Data excerpts →
..........
lemma hosvd_rank_one_unit_factors:
  assumes "hosvd_rank_one dims X"
  obtains c vs where "length vs = length dims" and "\<forall>i<length dims. vnorm2 (dims ! i) (vs ! i) = 1"
    and "\<forall>ks\<in>tidx dims. X ks = c * outer vs ks"
proof -
  obtain c us where us: "length us = length dims" "\<forall>ks\<in>tidx dims. X ks = c * outer us ks"
    and "\<exists>ks\<in>tidx dims. X ks \<noteq> 0"
    using assms unfolding hosvd_rank_one_def by blast
  then obtain ks0 where ks0: "ks0 \<in> tidx dims" "outer us ks0 \<noteq> 0" by auto
  define r where "r i = sqrt (vnorm2 (dims ! i) (us ! i))" for i
  have r_pos: "r i > 0" if "i < length dims" for i
  proof -
    have "(us ! i) (ks0 ! i) \<noteq> 0" and "ks0 ! i < dims ! i"
      using ks0 us(1) that by (auto simp: outer_def tidx_def)
    then have "vnorm2 (dims ! i) (us ! i) > 0"
      unfolding vnorm2_def by (intro sum_pos2[of _ "ks0 ! i"]) auto
    then show ?thesis by (simp add: r_def)
  qed
  define vs where "vs = map (\<lambda>i k. (us ! i) k / r i) [0..<length dims]"
  have length_vs: "length vs = length dims" by (simp add: vs_def)
  have "vnorm2 (dims ! i) (vs ! i) = 1" if "i < length dims" for i
    using r_pos[OF that] that
    by (simp add: vs_def vnorm2_def r_def power_divide sum_nonneg flip: sum_divide_distrib)
  moreover have "X ks = (c * (\<Prod>i<length dims. r i)) * outer vs ks" if "ks \<in> tidx dims" for ks
  proof -
    have "outer us ks = (\<Prod>i<length dims. r i * (vs ! i) (ks ! i))"
      unfolding outer_def us(1) by (rule prod.cong) (auto simp: vs_def dest: r_pos)
    then show ?thesis using us that by (simp add: outer_def[of vs] length_vs prod.distrib)
  qed
  ultimately show ?thesis using length_vs by (intro that[of vs]) auto
qed

lemma concat_equal_chunks:
  "length xs = \<kappa> * D \<Longrightarrow> \<exists>gs. length gs = D \<and> (\<forall>g\<in>set gs. length g = \<kappa>) \<and> concat gs = xs"
proof (induction D arbitrary: xs)
  case (Suc D)
  then obtain gs where "length gs = D" "\<forall>g\<in>set gs. length g = \<kappa>" "concat gs = drop \<kappa> xs"
    by (metis diff_add_inverse length_drop mult_Suc_right)
  with Suc.prems show ?case by (intro exI[of _ "take \<kappa> xs # gs"]) auto
qed simp

lemma length_concat_digits: "length (concat (map (digits n \<kappa>) ks)) = \<kappa> * length ks"
  by (induction ks) simp_all

lemma reshape_outer_concat:
  assumes "0 < n" and "\<forall>g\<in>set gs. length g = \<kappa>"
    and "\<forall>js\<in>tidx (replicate (\<kappa> * length gs) n). X js = c * outer (concat gs) js"
    and "ks \<in> tidx (replicate (length gs) (n ^ \<kappa>))"
  shows "reshape n \<kappa> X ks = c * (\<Prod>i<length gs. kron n (gs ! i) (ks ! i))"
proof -
  have "concat (map (digits n \<kappa>) ks) \<in> tidx (replicate (\<kappa> * length gs) n)"
    using assms(1,4) by (auto simp: length_concat_digits digits_def)
  then have "reshape n \<kappa> X ks = c * (\<Prod>i<length gs. outer (gs ! i) (digits n \<kappa> (ks ! i)))"
    using assms(2-4) by (simp add: reshape_def outer_concat_digits tidx_def)
  also have "\<dots> = c * (\<Prod>i<length gs. kron n (gs ! i) (ks ! i))"
    using assms(2,4) by (simp add: kron_eq_outer_digits tidx_def)
  finally show ?thesis .
qed

lemma prod_bounds_by_delta:
  fixes a :: "nat \<Rightarrow> real" and \<epsilon> \<delta> :: real
  assumes a: "\<forall>i<D. 1 - \<epsilon> \<le> a i \<and> a i \<le> 1 + \<epsilon>" and "0 < D" and "D \<le> d"
    and \<delta>: "\<delta> = max ((1 + \<epsilon>) ^ d - 1) (1 - (1 - \<epsilon>) ^ d)" and "\<delta> < 1"
  shows "1 - \<delta> \<le> (\<Prod>i<D. a i) \<and> (\<Prod>i<D. a i) \<le> 1 + \<delta>"
proof
  have "0 \<le> \<epsilon>" using a \<open>0 < D\<close> by force
  have "\<epsilon> < 1"
  proof (rule ccontr)
    assume "\<not> \<epsilon> < 1"
    then have "(1 + \<epsilon>) ^ 1 \<le> (1 + \<epsilon>) ^ d"
      using \<open>0 < D\<close> \<open>D \<le> d\<close> by (intro power_increasing) auto
    then show False using \<delta> \<open>\<delta> < 1\<close> \<open>\<not> \<epsilon> < 1\<close> by simp
  qed
  have "1 - \<delta> \<le> (1 - \<epsilon>) ^ d" using \<delta> by simp
  also have "\<dots> \<le> (1 - \<epsilon>) ^ D"
    using \<open>D \<le> d\<close> \<open>0 \<le> \<epsilon>\<close> \<open>\<epsilon> < 1\<close> by (intro power_decreasing) auto
  also have "\<dots> = (\<Prod>i<D. 1 - \<epsilon>)" by simp
  also have "\<dots> \<le> (\<Prod>i<D. a i)" using a \<open>\<epsilon> < 1\<close> by (intro prod_mono) auto
  finally show "1 - \<delta> \<le> (\<Prod>i<D. a i)" .
  have "(\<Prod>i<D. a i) \<le> (\<Prod>i<D. 1 + \<epsilon>)" using a \<open>\<epsilon> < 1\<close> by (intro prod_mono) auto
  also have "\<dots> = (1 + \<epsilon>) ^ D" by simp
  also have "\<dots> \<le> (1 + \<epsilon>) ^ d" using \<open>D \<le> d\<close> \<open>0 \<le> \<epsilon>\<close> by (intro power_increasing) auto
  also have "\<dots> \<le> 1 + \<delta>" using \<delta> by simp
  finally show "(\<Prod>i<D. a i) \<le> 1 + \<delta>" .
qed

theorem proposition1:
  fixes d n \<kappa> d' m :: nat and \<epsilon> \<delta> :: real
    and A :: "nat \<Rightarrow> nat \<Rightarrow> nat \<Rightarrow> real"
    and X :: "nat list \<Rightarrow> real"
  assumes "d \<ge> 1" and "n \<ge> 1" and "\<kappa> \<ge> 1" and "\<kappa> dvd d" and "d' = d div \<kappa>"
    and "\<forall>i<d'. RIP m (n ^ \<kappa>) (A i) \<epsilon> (S12 n \<kappa>)"
    and "\<delta> = max ((1 + \<epsilon>) ^ d - 1) (1 - (1 - \<epsilon>) ^ d)"
    and "\<delta> < 1"
    and "hosvd_rank_one (replicate d n) X"
  shows "(1 - \<delta>) * fnorm2 (replicate d n) X
           \<le> fnorm2 (replicate d' m) (multi_op d' (n ^ \<kappa>) A (reshape n \<kappa> X))
         \<and> fnorm2 (replicate d' m) (multi_op d' (n ^ \<kappa>) A (reshape n \<kappa> X))
           \<le> (1 + \<delta>) * fnorm2 (replicate d n) X"
proof -
  have d: "d = \<kappa> * d'" using assms(4,5) by simp
  then have "0 < d'" "d' \<le> d" using assms(1,3) by auto
  obtain c vs where "length vs = length (replicate d n)"
    and "\<forall>i<length (replicate d n). vnorm2 (replicate d n ! i) (vs ! i) = 1"
    and X: "\<forall>js\<in>tidx (replicate d n). X js = c * outer vs js"
    by (rule hosvd_rank_one_unit_factors[OF assms(9)])
  then have vs: "length vs = d" "\<forall>v\<in>set vs. vnorm2 n v = 1"
    by (simp_all add: all_set_conv_all_nth)
  obtain gs where gs: "length gs = d'" "\<forall>g\<in>set gs. length g = \<kappa>" "concat gs = vs"
    using concat_equal_chunks[of vs \<kappa> d'] vs(1) d by blast
  define y where "y i = kron n (gs ! i)" for i
  have y: "y i \<in> S12 n \<kappa>" "vnorm2 (n ^ \<kappa>) (y i) = 1" if "i < d'" for i
    using nth_mem[OF that[folded gs(1)]] vs(2) gs vnorm2_kron_units[of "gs ! i" n]
    by (auto simp: S12_def S1_def y_def)
  have reshape_X: "\<forall>ks\<in>tidx (replicate d' (n ^ \<kappa>)). reshape n \<kappa> X ks = c * (\<Prod>i<d'. y i (ks ! i))"
    using reshape_outer_concat[of n gs \<kappa> X c] assms(2) gs X d by (simp add: y_def)
  have "fnorm2 (replicate d' m) (multi_op d' (n ^ \<kappa>) A (reshape n \<kappa> X))
      = c\<^sup>2 * (\<Prod>i<d'. vnorm2 m (matvec (n ^ \<kappa>) (A i) (y i)))"
    using fnorm2_separable[of "replicate d' m" _ c "\<lambda>i. matvec (n ^ \<kappa>) (A i) (y i)"]
      multi_op_separable[OF reshape_X] by simp
  moreover have "fnorm2 (replicate d n) X = c\<^sup>2"
    using fnorm2_separable[of "replicate d n" X c "\<lambda>i. vs ! i"] X vs by (simp add: outer_def)
  moreover have "\<forall>i<d'. 1 - \<epsilon> \<le> vnorm2 m (matvec (n ^ \<kappa>) (A i) (y i))
      \<and> vnorm2 m (matvec (n ^ \<kappa>) (A i) (y i)) \<le> 1 + \<epsilon>"
    using assms(6) y by (force simp: RIP_def)
  ultimately show ?thesis
    using prod_bounds_by_delta[OF _ \<open>0 < d'\<close> \<open>d' \<le> d\<close> assms(7,8)]
    by (simp add: mult_left_mono mult.commute[of _ "c\<^sup>2"])
qed

end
..........
For each line above that holds the string "open", provide a copy of that line.

Exercise response →
  have "0 \<le> \<epsilon>" using a \<open>0 < D\<close> by force
      using \<open>0 < D\<close> \<open>D \<le> d\<close> by (intro power_increasing) auto
    then show False using \<delta> \<open>\<delta> < 1\<close> \<open>\<not> \<epsilon> < 1\<close> by simp
    using \<open>D \<le> d\<close> \<open>0 \<le> \<epsilon>\<close> \<open>\<epsilon> < 1\<close> by (intro power_decreasing) auto
  also have "\<dots> \<le> (\<Prod>i<D. a i)" using a \<open>\<epsilon> < 1\<close> by (intro prod_mono) auto
  have "(\<Prod>i<D. a i) \<le> (\<Prod>i<D. 1 + \<epsilon>)" using a \<open>\<epsilon> < 1\<close> by (intro prod_mono) auto
  also have "\<dots> \<le> (1 + \<epsilon>) ^ d" using \<open>D \<le> d\<close> \<open>0 \<le> \<epsilon>\<close> by (intro power_increasing) auto
    using prod_bounds_by_delta[OF _ \<open>0 < d'\<close> \<open>d' \<le> d\<close> assms(7,8)]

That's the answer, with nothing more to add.